* [Exercise]: From the records below, extract only the lines running from the line with "P \<phi> = max" to the line with "(\<mp>\<phi>)\<close> together with", both lines included, reproducing them exactly.

* [Supplied material]:

(* For $k=1,\dots,K$, let $\mathcal{P}^k$ be a family of probability densities on $\mathbb{R}^n$, and let $X^k_1,X^k_2\subset\mathbb{R}^n$ be nonempty closed convex non-intersecting sets, one of them bounded. Let $(x^{1}_{k*},x^{2}_{k*})$ minimize $\|x^1-x^2\|_2$ over $x^1\in X^k_1,x^2\in X^k_2$, and set $h_k=(x^1_{k*}-x^2_{k*})/\|x^1_{k*}-x^2_{k*}\|_2$, $c_k=\tfrac12h_k^T(x^1_{k*}+x^2_{k*})$, $\delta_k=\tfrac12\|x^1_{k*}-x^2_{k*}\|_2$. Given potentials $\eta_1,\dots,\eta_K$, let $\phi^{(K)}(\omega_1,\dots,\omega_K)=\sum_{k=1}^K\eta_k(h_k^T\omega_k-c_k)$. Consider observations $\omega_k=x_k+\xi_k$, $k\le K$, where $(x_k)$ is a deterministic sequence, $\xi_k\sim p_k$ are independent and $(p_k\in\mathcal{P}^k)$ is a deterministic sequence, and the hypotheses $H_\chi:\ x_k\in X^k_\chi$ for all $k\le K$, $\chi=1,2$. Let $\mathcal{T}^\eta_K$ accept $H_1$ when $\phi^{(K)}(\omega_1,\dots,\omega_K)\ge0$ and accept $H_2$ otherwise. Then the risk of $\mathcal{T}^\eta_K$ does not exceed $\prod_{k=1}^K\mathrm{risk}_{\delta_k}(\eta_k|\mathcal{P}^k)$.
   Context: A potential is an odd, nondecreasing Borel function $\eta:\mathbb{R}\to\mathbb{R}$. For a family $\mathcal{P}$ of probability densities on $\mathbb{R}^n$, $\delta\ge0$ and a potential $\eta$, $\mathrm{risk}_\delta(\eta|\mathcal{P})$ is the smallest $\epsilon$ such that for all unit $e\in\mathbb{R}^n$ and all $p\in\mathcal{P}$: $\int e^{-\eta(\delta+e^T\xi)}p(\xi)d\xi\le\epsilon$ and $\int e^{\eta(e^T\xi-\delta)}p(\xi)d\xi\le\epsilon$. The risk of a test is $\max_{\chi=1,2}$ of the supremum, over all deterministic sequences $x_k\in X^k_\chi$ and $p_k\in\mathcal{P}^k$, $k\le K$, of the probability that the test rejects $H_\chi$. *)

theory Defs
  imports "HOL-Probability.Probability"
begin

definition is_potential :: "(real \<Rightarrow> real) \<Rightarrow> bool" where
  "is_potential \<eta> \<longleftrightarrow> (\<forall>t. \<eta> (- t) = - \<eta> t) \<and> mono \<eta> \<and> \<eta> \<in> borel_measurable borel"

definition is_prob_density :: "('a::euclidean_space \<Rightarrow> real) \<Rightarrow> bool" where
  "is_prob_density p \<longleftrightarrow> p \<in> borel_measurable borel \<and> (\<forall>x. 0 \<le> p x)
      \<and> (\<integral>\<^sup>+ x. ennreal (p x) \<partial>lborel) = 1"

text \<open>risk_delta(eta | P): the smallest epsilon bounding both integrals for all unit e
  and all p in P, i.e. the supremum of these integrals (in [0, infinity]).\<close>
definition risk_pot :: "real \<Rightarrow> (real \<Rightarrow> real) \<Rightarrow> ('a::euclidean_space \<Rightarrow> real) set \<Rightarrow> ennreal" where
  "risk_pot \<delta> \<eta> P = (SUP ep \<in> {e. norm e = 1} \<times> P.
      max (\<integral>\<^sup>+ \<xi>. ennreal (exp (- \<eta> (\<delta> + fst ep \<bullet> \<xi>)) * snd ep \<xi>) \<partial>lborel)
          (\<integral>\<^sup>+ \<xi>. ennreal (exp (\<eta> (fst ep \<bullet> \<xi> - \<delta>)) * snd ep \<xi>) \<partial>lborel))"

definition noise_measure :: "nat \<Rightarrow> (nat \<Rightarrow> 'a::euclidean_space \<Rightarrow> real) \<Rightarrow> (nat \<Rightarrow> 'a) measure" where
  "noise_measure K p = (\<Pi>\<^sub>M k\<in>{1..K}. density lborel (\<lambda>\<xi>. ennreal (p k \<xi>)))"

definition test_risk :: "nat \<Rightarrow> (nat \<Rightarrow> 'a::euclidean_space set) \<Rightarrow> (nat \<Rightarrow> 'a set)
    \<Rightarrow> (nat \<Rightarrow> ('a \<Rightarrow> real) set) \<Rightarrow> ((nat \<Rightarrow> 'a) \<Rightarrow> real) \<Rightarrow> ennreal" where
  "test_risk K X1 X2 P \<phi> = max
     (SUP xp \<in> {(x, p). \<forall>k\<in>{1..K}. x k \<in> X1 k \<and> p k \<in> P k}.
        emeasure (noise_measure K (snd xp))
          {\<xi> \<in> space (noise_measure K (snd xp)). \<phi> (\<lambda>k. fst xp k + \<xi> k) < 0})
     (SUP xp \<in> {(x, p). \<forall>k\<in>{1..K}. x k \<in> X2 k \<and> p k \<in> P k}.
        emeasure (noise_measure K (snd xp))
          {\<xi> \<in> space (noise_measure K (snd xp)). \<phi> (\<lambda>k. fst xp k + \<xi> k) \<ge> 0})"

end

theory Submission imports Defs begin

text \<open>The hyperplane through the midpoint of a closest pair, orthogonal to the segment joining it,
  leaves the two convex sets in the half-spaces at distance at least \<open>\<delta>\<^sub>k\<close> on either side.
  Hence on \<open>H\<^sub>1\<close> each argument \<open>h\<^sub>k\<^sup>T\<omega>\<^sub>k - c\<^sub>k\<close> is at least \<open>\<delta>\<^sub>k + h\<^sub>k\<^sup>T\<xi>\<^sub>k\<close>, and on \<open>H\<^sub>2\<close> at most
  \<open>h\<^sub>k\<^sup>T\<xi>\<^sub>k - \<delta>\<^sub>k\<close>; since the potentials are nondecreasing, Markov's inequality applied to
  \<open>exp (\<mp>\<phi>)\<close> together with independence bounds each error probability by a product of integrals,
  each of which appears in the supremum defining \<open>risk\<^sub>\<delta>\<^sub>k(\<eta>\<^sub>k|\<P>\<^sup>k)\<close>.\<close>

lemma closest_pair_separating_slab:
  fixes A B :: "'a::euclidean_space set"
  assumes A: "convex A" "closed A" and B: "convex B" "closed B"
    and a0: "a0 \<in> A" and b0: "b0 \<in> B" and disjoint: "A \<inter> B = {}"
    and closest: "\<And>a b. a \<in> A \<Longrightarrow> b \<in> B \<Longrightarrow> norm (a0 - b0) \<le> norm (a - b)"
    and h_def: "h = (1 / norm (a0 - b0)) *\<^sub>R (a0 - b0)"
    and c_def: "c = (1 / 2) * (h \<bullet> (a0 + b0))"
    and \<delta>_def: "\<delta> = (1 / 2) * norm (a0 - b0)"
  shows "norm h = 1"
    and "\<And>a. a \<in> A \<Longrightarrow> \<delta> \<le> h \<bullet> a - c"
    and "\<And>b. b \<in> B \<Longrightarrow> h \<bullet> b - c \<le> - \<delta>"
proof -
  define v where "v = a0 - b0"
  define n where "n = norm v"
  have "a0 \<noteq> b0" using a0 b0 disjoint by (metis IntI empty_iff)
  then have n: "n > 0" unfolding n_def v_def by simp
  have vv: "v \<bullet> v = n\<^sup>2" unfolding n_def by (simp add: power2_norm_eq_inner)
  have shift: "h \<bullet> y - c = (1 / n) * (v \<bullet> (y - a0)) + \<delta>"
    and shift': "h \<bullet> y - c = (1 / n) * (v \<bullet> (y - b0)) - \<delta>" for y
    using n vv unfolding h_def c_def \<delta>_def n_def[symmetric] v_def[symmetric]
    by (simp_all add: v_def inner_diff_right inner_add_right inner_diff_left inner_commute
        field_simps power2_eq_square; algebra)+
  show "norm h = 1" using n unfolding h_def n_def v_def by simp
  show "\<delta> \<le> h \<bullet> a - c" if a: "a \<in> A" for a
  proof -
    have "(b0 - a0) \<bullet> (a - a0) \<le> 0"
      by (rule any_closest_point_dot[OF A a0 a])
        (use closest[OF _ b0] in \<open>simp add: dist_norm norm_minus_commute\<close>)
    then have "0 \<le> v \<bullet> (a - a0)" unfolding v_def
      by (metis inner_minus_left minus_diff_eq neg_le_0_iff_le)
    then show ?thesis using n by (simp add: shift)
  qed
  show "h \<bullet> b - c \<le> - \<delta>" if b: "b \<in> B" for b
  proof -
    have "(a0 - b0) \<bullet> (b - b0) \<le> 0"
      by (rule any_closest_point_dot[OF B b0 b]) (use closest[OF a0] in \<open>simp add: dist_norm\<close>)
    then show ?thesis using n by (simp add: shift' v_def divide_nonpos_pos)
  qed
qed

lemma emeasure_le_nn_integral_exp:
  fixes F :: "'a \<Rightarrow> real"
  assumes "\<And>x. Q x \<Longrightarrow> 0 \<le> F x"
  shows "emeasure M {x \<in> space M. Q x} \<le> (\<integral>\<^sup>+x. ennreal (exp (F x)) \<partial>M)"
proof (cases "{x \<in> space M. Q x} \<in> sets M")
  case True
  have "emeasure M {x \<in> space M. Q x} = (\<integral>\<^sup>+x. indicator {x \<in> space M. Q x} x \<partial>M)"
    using True by simp
  also have "\<dots> \<le> (\<integral>\<^sup>+x. ennreal (exp (F x)) \<partial>M)"
    using assms by (intro nn_integral_mono) (auto simp: indicator_def)
  finally show ?thesis .
qed (simp add: emeasure_notin_sets)
theorem theorem5p10:
  fixes n p q :: nat and m :: int and M1 M2 :: monomial
  assumes "n \<ge> 2"
    and "p \<in> {1..2*n}" and "q \<in> {1..2*n}"
    and "m + max (int p - int n) 0 \<ge> 1 + max (int q - int n) 0"
    and "M1 \<in> Mset n p m" and "M2 \<in> Mset n q 1"
    and "highest_weight n (mono_mult M1 M2)"
  shows "M1 = (if p \<le> n then Y n p m else Y n (2*n - p) (m - int n + int p))"
proof (rule ccontr)
  assume "\<not> ?thesis"
  then have "M1 \<noteq> top_monomial n p m"
    by (simp add: top_monomial_def)
  moreover have "height n q 1 \<le> height n p m"
    using assms(4) by (simp add: height_def)
  ultimately obtain K i where lead: "negative_lead (mono_mult M1 M2) (K, i)"
    using Mset_mult_negative_lead assms(2,3,5,6) by (metis atLeastAtMost_iff surj_pair)
  then have "M1 i K \<noteq> 0 \<or> M2 i K \<noteq> 0"
    by (auto simp: negative_lead_def)
  then have "i \<in> {1..n}"
    using Mset_eq_zero_outside_rows assms(5,6) by blast
  moreover have "0 < eps (mono_mult M1 M2) i"
  proof (rule eps_pos_if_negative_lead[OF lead])
    fix l
    assume "l < min m 1"
    then show "mono_mult M1 M2 i l = 0"
      using Mset_eq_zero_before[OF assms(5)] Mset_eq_zero_before[OF assms(6)] by simp
  qed
  ultimately show False
    using assms(7) by (simp add: highest_weight_def)
qed

end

* [Response area]:
  "test_risk K X1 X2 P \<phi> = max
     (SUP xp \<in> {(x, p). \<forall>k\<in>{1..K}. x k \<in> X1 k \<and> p k \<in> P k}.
        emeasure (noise_measure K (snd xp))
          {\<xi> \<in> space (noise_measure K (snd xp)). \<phi> (\<lambda>k. fst xp k + \<xi> k) < 0})
     (SUP xp \<in> {(x, p). \<forall>k\<in>{1..K}. x k \<in> X2 k \<and> p k \<in> P k}.
        emeasure (noise_measure K (snd xp))
          {\<xi> \<in> space (noise_measure K (snd xp)). \<phi> (\<lambda>k. fst xp k + \<xi> k) \<ge> 0})"

end

theory Submission imports Defs begin

text \<open>The hyperplane through the midpoint of a closest pair, orthogonal to the segment joining it,
  leaves the two convex sets in the half-spaces at distance at least \<open>\<delta>\<^sub>k\<close> on either side.
  Hence on \<open>H\<^sub>1\<close> each argument \<open>h\<^sub>k\<^sup>T\<omega>\<^sub>k - c\<^sub>k\<close> is at least \<open>\<delta>\<^sub>k + h\<^sub>k\<^sup>T\<xi>\<^sub>k\<close>, and on \<open>H\<^sub>2\<close> at most
  \<open>h\<^sub>k\<^sup>T\<xi>\<^sub>k - \<delta>\<^sub>k\<close>; since the potentials are nondecreasing, Markov's inequality applied to
  \<open>exp (\<mp>\<phi>)\<close> together with independence bounds each error probability by a product of integrals,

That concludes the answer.